The DIV acts as downhole barrier that utilizes a flapper-type seal mechanism to prevent pressure at surface. The flapper is operated to the open position when the BHA or completion string passes through and is closed when nothing is in the well.
Tripping in or out of a live well requires special procedures in consideration of the additional forces acting on the pipe. A procedure was put in place to prevent the drill pipe from being pushed out of the well.
Well construction
The DIV was installed in retrievable mode as part of the tieback string. The 9 5/8-in. casing was run prior to the tieback installation. Casing installation proceeded as normal until the DIV was ready to be picked up.
After running the control line through the sheave and connecting it to the body, the DIV flapper was function-tested and pressure-tested. The DIV control line pressure was maintained at 500 psi at the open side and 200 psi at the closed side by means of the surface control unit as an indication of control line leakage. DIV control line clamps were installed at every casing collar from the first joint until surface.
Production hole section
Drilling ahead continued to 2,500 m until pulling out of the hole to change out the bit, jars and float sub. Drilling with LAMCD, the well reached target depth at nearly 2,800 m. Any gas migration indication was bullheaded through the annulus.
Well completion phase
The lower completion material was rated 13Cr-80 to provide resistance to the expected presence of small-scale CO2 in the production zone. The initial plan for the lower completion was to run a packer to isolate the Baturaja formation to be able to determine production splits. The lower completion consists of a float shoe with a flat-bladed nose, alternating joints of pre-perforated, frangible disk plug and a 7-in. x 9 5/8-in. liner top packer. When the lower completion was connected, the plan was to set the liner top packer just above the 9 5/8-in. casing shoe.
However, the liner could not be worked past an apparent ledge at 2,500 m. Considering the loss rate was 2.4 bbl/min, the availability of freshwater supplies and the costs associated with other options (including pulling/rerunning the liner), it was decided to set the lower completion shallower than planned.

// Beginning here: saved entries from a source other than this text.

(* Let $p>1$ and $\alpha,\beta>0$, and consider the operators $\mathcal{C}_\alpha$ and $\mathcal{C}_\beta^*$ on $L^p(\mathbb{R}^+)$. Then $\mathcal{C}_\alpha\mathcal{C}_\beta^*=\mathcal{C}_\beta^*\mathcal{C}_\alpha$, and for $f\in L^p(\mathbb{R}^+)$ and almost every $t>0$, $$(\mathcal{C}_\alpha\mathcal{C}_\beta^* )f(t)=\alpha\int_0^t f(r)\frac{1}{t-r}\Big(\frac{t-r}{t}\Big)^{\alpha+\beta}{}_2F_1\Big(\alpha+\beta,\beta;\beta+1;\frac rt\Big)dr+\beta\int_t^\infty f(r)\frac{1}{r-t}\Big(\frac{r-t}{r}\Big)^{\alpha+\beta}{}_2F_1\Big(\alpha+\beta,\alpha;\alpha+1;\frac tr\Big)dr.$$ In particular, for $f\in L^p(\mathbb{R}^+)$ and almost every $t>0$, $$(\mathcal{C}_1\mathcal{C}_\beta^* )f(t)=\mathcal{C}_1f(t)+\beta\int_t^\infty f(r)\frac{(r-t)^\beta}{r^{\beta+1}}\,{}_2F_1\Big(\beta+1,1;2;\frac tr\Big)dr,$$ $$(\mathcal{C}_\alpha\mathcal{C}_1^* )f(t)=\alpha\int_0^t f(r)\frac{(t-r)^\alpha}{t^{\alpha+1}}\,{}_2F_1\Big(\alpha+1,1;2;\frac rt\Big)dr+\mathcal{C}_1^*f(t),$$ and $\mathcal{C}_1\mathcal{C}_1^*f=\mathcal{C}_1f+\mathcal{C}_1^*f=\mathcal{C}_1^*\mathcal{C}_1f$.
   Context: For $\gamma>0$ the generalized Cesàro operators on $L^p(\mathbb{R}^+)$ are $\mathcal{C}_\gamma f(t)=\frac{\gamma}{t^\gamma}\int_0^t(t-s)^{\gamma-1}f(s)\,ds$ and $\mathcal{C}_\gamma^*f(t)=\gamma\int_t^\infty\frac{(s-t)^{\gamma-1}}{s^\gamma}f(s)\,ds$ for $t>0$; they are bounded on $L^p(\mathbb{R}^+)$ for $p>1$. ${}_2F_1$ is the Gaussian hypergeometric function ${}_2F_1(a,b;c;z)=\frac{\Gamma(c)}{\Gamma(a)\Gamma(b)}\sum_{n\ge0}\frac{\Gamma(a+n)\Gamma(b+n)}{\Gamma(c+n)}\frac{z^n}{n!}$. *)

theory Defs
  imports "HOL-Analysis.Analysis"
begin

text \<open>Functions on \<open>\<real>\<^sup>+ = (0,\<infinity>)\<close> are represented as complex-valued functions on \<open>\<real>\<close>;
  their values at \<open>t \<le> 0\<close> are irrelevant.\<close>

definition Lp_pos :: "real \<Rightarrow> (real \<Rightarrow> complex) \<Rightarrow> bool" where
  "Lp_pos p f \<longleftrightarrow> f \<in> borel_measurable lborel \<and>
     set_integrable lborel {0<..} (\<lambda>t. norm (f t) powr p)"

definition Ces :: "real \<Rightarrow> (real \<Rightarrow> complex) \<Rightarrow> real \<Rightarrow> complex" where
  "Ces \<gamma> f t = complex_of_real (\<gamma> / t powr \<gamma>) *
     (LINT s:{0<..<t}|lborel. complex_of_real ((t - s) powr (\<gamma> - 1)) * f s)"

definition Ces_star :: "real \<Rightarrow> (real \<Rightarrow> complex) \<Rightarrow> real \<Rightarrow> complex" where
  "Ces_star \<gamma> f t = complex_of_real \<gamma> *
     (LINT s:{t<..}|lborel. complex_of_real ((s - t) powr (\<gamma> - 1) / s powr \<gamma>) * f s)"

definition hyp2F1 :: "real \<Rightarrow> real \<Rightarrow> real \<Rightarrow> real \<Rightarrow> real" where
  "hyp2F1 a b c z = Gamma c / (Gamma a * Gamma b) *
     (\<Sum>n. Gamma (a + real n) * Gamma (b + real n) / Gamma (c + real n) * z ^ n / fact n)"

end

theory Submission
  imports Defs
begin

text \<open>
  By Fubini, both \<open>C\<^sub>\<alpha> C\<^sup>*\<^sub>\<beta> f(t)\<close> and \<open>C\<^sup>*\<^sub>\<beta> C\<^sub>\<alpha> f(t)\<close> equal \<open>\<integral> f(r) K(t,r) dr\<close>, where
  \<open>K(t,r) = \<alpha>\<beta> t\<^sup>-\<^sup>\<alpha> r\<^sup>-\<^sup>\<beta> J(t,r)\<close> and \<open>J(t,r)\<close> is the integral of \<open>(t-s)\<^sup>\<alpha>\<^sup>-\<^sup>1 (r-s)\<^sup>\<beta>\<^sup>-\<^sup>1\<close> over
  \<open>0 < s < min(t,r)\<close>; for the second composition this needs the inversion \<open>s \<mapsto> tr/s\<close>, which
  carries the inner integral over \<open>s > max(t,r)\<close> onto that over \<open>0 < s < min(t,r)\<close>.
  For \<open>r < t\<close> the substitution \<open>s = rtv/(t-r+rv)\<close> turns \<open>J\<close> into Euler's integral for
  \<open>\<^sub>2F\<^sub>1(\<alpha>+\<beta>,\<beta>;\<beta>+1;r/t)\<close>, evaluated termwise with the binomial series; the case \<open>r > t\<close>
  follows from the symmetry \<open>K\<^sub>\<alpha>\<^sub>,\<^sub>\<beta>(t,r) = K\<^sub>\<beta>\<^sub>,\<^sub>\<alpha>(r,t)\<close>.
  Fubini needs absolute integrability, which holds for almost every \<open>t\<close>: integrating the
  majorant over \<open>0 < t < B\<close> reduces it to the case \<open>\<alpha> = 1\<close>, which is finite by Young's
  inequality because \<open>f \<in> L\<^sup>p\<close>.\<close>

lemma has_integral_diff_powr:
  fixes c u v :: real
  assumes c: "c > 0" and uv: "u \<le> v"
  shows "((\<lambda>x. (v - x) powr (c - 1)) has_integral (v - u) powr c / c) {u..v}"
    and "((\<lambda>x. (x - u) powr (c - 1)) has_integral (v - u) powr c / c) {u..v}"
proof -
  have "((\<lambda>x. (v - x) powr (c - 1)) has_integral
          (- ((v - v) powr c / c)) - (- ((v - u) powr c / c))) {u..v}"
  proof (rule fundamental_theorem_of_calculus_interior[OF uv])
    show "continuous_on {u..v} (\<lambda>x. - ((v - x) powr c / c))"
      using c by (intro continuous_intros continuous_on_powr') auto
    show "((\<lambda>x. - ((v - x) powr c / c)) has_vector_derivative (v - x) powr (c - 1)) (at x)"
      if "x \<in> {u<..<v}" for x
      unfolding has_real_derivative_iff_has_vector_derivative[symmetric]
      using that c by (auto intro!: derivative_eq_intros simp: field_simps)
  qed
  then show "((\<lambda>x. (v - x) powr (c - 1)) has_integral (v - u) powr c / c) {u..v}"
    using c by simp
  have "((\<lambda>x. (x - u) powr (c - 1)) has_integral (v - u) powr c / c - (u - u) powr c / c) {u..v}"
  proof (rule fundamental_theorem_of_calculus_interior[OF uv])
    show "continuous_on {u..v} (\<lambda>x. (x - u) powr c / c)"
      using c by (intro continuous_intros continuous_on_powr') auto
    show "((\<lambda>x. (x - u) powr c / c) has_vector_derivative (x - u) powr (c - 1)) (at x)"
      if "x \<in> {u<..<v}" for x
      unfolding has_real_derivative_iff_has_vector_derivative[symmetric]
      using that c by (auto intro!: derivative_eq_intros simp: field_simps)
  qed
  then show "((\<lambda>x. (x - u) powr (c - 1)) has_integral (v - u) powr c / c) {u..v}"
    using c by simp
qed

Operations continued with retrieval of the tieback string, prior to wellhead installation for the tubing hanger (tieback hanger and tubing hanger sit in the same spot). The operation ended with running the upper completion (Figure 2).
Well testing phase
Production and gradient survey data resulted in an estimated AOF of 1.1 BSCFD, Kh of 250 D-ft and an estimated maximum facility-limited production rate of nearly 150 million standard cu ft/day. Condensate yield averaged 72.47 STB/MMSCF during the flow-after-flow test.
Lessons learned
The 8 1/2-in. section target depth was shallower than planned, which was called at 3,200 m. A drilling fluid loss rate of nearly 24,000 bbl/day was experienced after reaching 2,800 m. The reference loss rate in a previous well was only 12,000 bbl/day. With this condition, freshwater supply on site was projected to be insufficient to achieve the target depth.
Furthermore, after the lost circulation, the gas migration rate from the formation was very low, which resulted in the requirement for extra time to build up pressure below the DIV flapper to achieve its minimum sealing requirement. Although the target depth was called shallow at Well X, all objective formations were already drilled.
Conclusion
Well X is producing a high-deliverability gas with a flow rate of nearly 150 million standard cu ft/day. The deployment of LAMCD and the DIV system allowed the targeted gas production rate to be achieved. Other key factors to success were proper project management, planning and design in conjunction with excellent communication between the operator and contractor. DC
This article is based on a presentation at the 2017 IADC/SPE Managed Pressure Drilling and Underbalanced Operations Conference, 28-29 March, Rio de Janeiro, Brazil.